DESCRIPTION OF THE TASK
Using the material below, write out every entry exactly.

DATASET CONTENT section start

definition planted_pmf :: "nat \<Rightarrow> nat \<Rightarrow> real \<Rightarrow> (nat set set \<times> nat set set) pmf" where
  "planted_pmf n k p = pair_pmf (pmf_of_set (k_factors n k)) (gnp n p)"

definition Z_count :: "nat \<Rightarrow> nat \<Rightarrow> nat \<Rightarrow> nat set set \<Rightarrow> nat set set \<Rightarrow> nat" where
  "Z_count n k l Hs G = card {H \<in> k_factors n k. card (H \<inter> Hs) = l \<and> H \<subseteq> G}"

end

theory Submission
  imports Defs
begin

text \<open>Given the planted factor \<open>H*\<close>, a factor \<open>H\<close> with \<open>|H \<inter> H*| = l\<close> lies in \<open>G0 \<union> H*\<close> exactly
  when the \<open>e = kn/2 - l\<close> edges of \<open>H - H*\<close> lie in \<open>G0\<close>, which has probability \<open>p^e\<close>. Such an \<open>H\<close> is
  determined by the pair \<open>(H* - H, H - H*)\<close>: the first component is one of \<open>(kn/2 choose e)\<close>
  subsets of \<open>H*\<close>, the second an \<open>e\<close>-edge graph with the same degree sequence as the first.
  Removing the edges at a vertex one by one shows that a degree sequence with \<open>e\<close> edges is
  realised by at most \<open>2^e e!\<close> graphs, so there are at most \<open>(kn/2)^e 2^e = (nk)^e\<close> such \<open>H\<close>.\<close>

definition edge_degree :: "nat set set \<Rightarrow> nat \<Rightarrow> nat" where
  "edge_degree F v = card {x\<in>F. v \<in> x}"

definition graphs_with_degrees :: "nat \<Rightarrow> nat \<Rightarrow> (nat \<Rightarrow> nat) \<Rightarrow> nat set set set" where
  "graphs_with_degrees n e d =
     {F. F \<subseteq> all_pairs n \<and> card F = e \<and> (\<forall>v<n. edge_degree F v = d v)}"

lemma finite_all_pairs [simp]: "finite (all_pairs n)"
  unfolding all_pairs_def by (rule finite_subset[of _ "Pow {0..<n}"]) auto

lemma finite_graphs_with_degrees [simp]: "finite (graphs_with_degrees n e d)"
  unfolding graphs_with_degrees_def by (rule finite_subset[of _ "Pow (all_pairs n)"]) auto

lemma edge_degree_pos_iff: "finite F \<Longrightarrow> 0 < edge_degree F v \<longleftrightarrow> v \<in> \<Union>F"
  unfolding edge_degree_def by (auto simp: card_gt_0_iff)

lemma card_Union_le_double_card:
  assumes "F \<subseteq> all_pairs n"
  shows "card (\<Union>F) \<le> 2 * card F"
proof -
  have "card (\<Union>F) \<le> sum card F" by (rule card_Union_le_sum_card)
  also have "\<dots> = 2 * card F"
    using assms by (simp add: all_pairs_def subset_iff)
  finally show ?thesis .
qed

DATASET CONTENT section end

ANSWER TO THIS PROBLEM
definition planted_pmf :: "nat \<Rightarrow> nat \<Rightarrow> real \<Rightarrow> (nat set set \<times> nat set set) pmf" where
  "planted_pmf n k p = pair_pmf (pmf_of_set (k_factors n k)) (gnp n p)"

definition Z_count :: "nat \<Rightarrow> nat \<Rightarrow> nat \<Rightarrow> nat set set \<Rightarrow> nat set set \<Rightarrow> nat" where
  "Z_count n k l Hs G = card {H \<in> k_factors n k. card (H \<inter> Hs) = l \<and> H \<subseteq> G}"

end

theory Submission
  imports Defs
begin

text \<open>Given the planted factor \<open>H*\<close>, a factor \<open>H\<close> with \<open>|H \<inter> H*| = l\<close> lies in \<open>G0 \<union> H*\<close> exactly
  when the \<open>e = kn/2 - l\<close> edges of \<open>H - H*\<close> lie in \<open>G0\<close>, which has probability \<open>p^e\<close>. Such an \<open>H\<close> is
  determined by the pair \<open>(H* - H, H - H*)\<close>: the first component is one of \<open>(kn/2 choose e)\<close>
  subsets of \<open>H*\<close>, the second an \<open>e\<close>-edge graph with the same degree sequence as the first.
  Removing the edges at a vertex one by one shows that a degree sequence with \<open>e\<close> edges is
  realised by at most \<open>2^e e!\<close> graphs, so there are at most \<open>(kn/2)^e 2^e = (nk)^e\<close> such \<open>H\<close>.\<close>

definition edge_degree :: "nat set set \<Rightarrow> nat \<Rightarrow> nat" where
  "edge_degree F v = card {x\<in>F. v \<in> x}"

definition graphs_with_degrees :: "nat \<Rightarrow> nat \<Rightarrow> (nat \<Rightarrow> nat) \<Rightarrow> nat set set set" where
  "graphs_with_degrees n e d =
     {F. F \<subseteq> all_pairs n \<and> card F = e \<and> (\<forall>v<n. edge_degree F v = d v)}"

lemma finite_all_pairs [simp]: "finite (all_pairs n)"
  unfolding all_pairs_def by (rule finite_subset[of _ "Pow {0..<n}"]) auto

lemma finite_graphs_with_degrees [simp]: "finite (graphs_with_degrees n e d)"
  unfolding graphs_with_degrees_def by (rule finite_subset[of _ "Pow (all_pairs n)"]) auto

lemma edge_degree_pos_iff: "finite F \<Longrightarrow> 0 < edge_degree F v \<longleftrightarrow> v \<in> \<Union>F"
  unfolding edge_degree_def by (auto simp: card_gt_0_iff)

lemma card_Union_le_double_card:
  assumes "F \<subseteq> all_pairs n"
  shows "card (\<Union>F) \<le> 2 * card F"
proof -
  have "card (\<Union>F) \<le> sum card F" by (rule card_Union_le_sum_card)
  also have "\<dots> = 2 * card F"
    using assms by (simp add: all_pairs_def subset_iff)
  finally show ?thesis .
qed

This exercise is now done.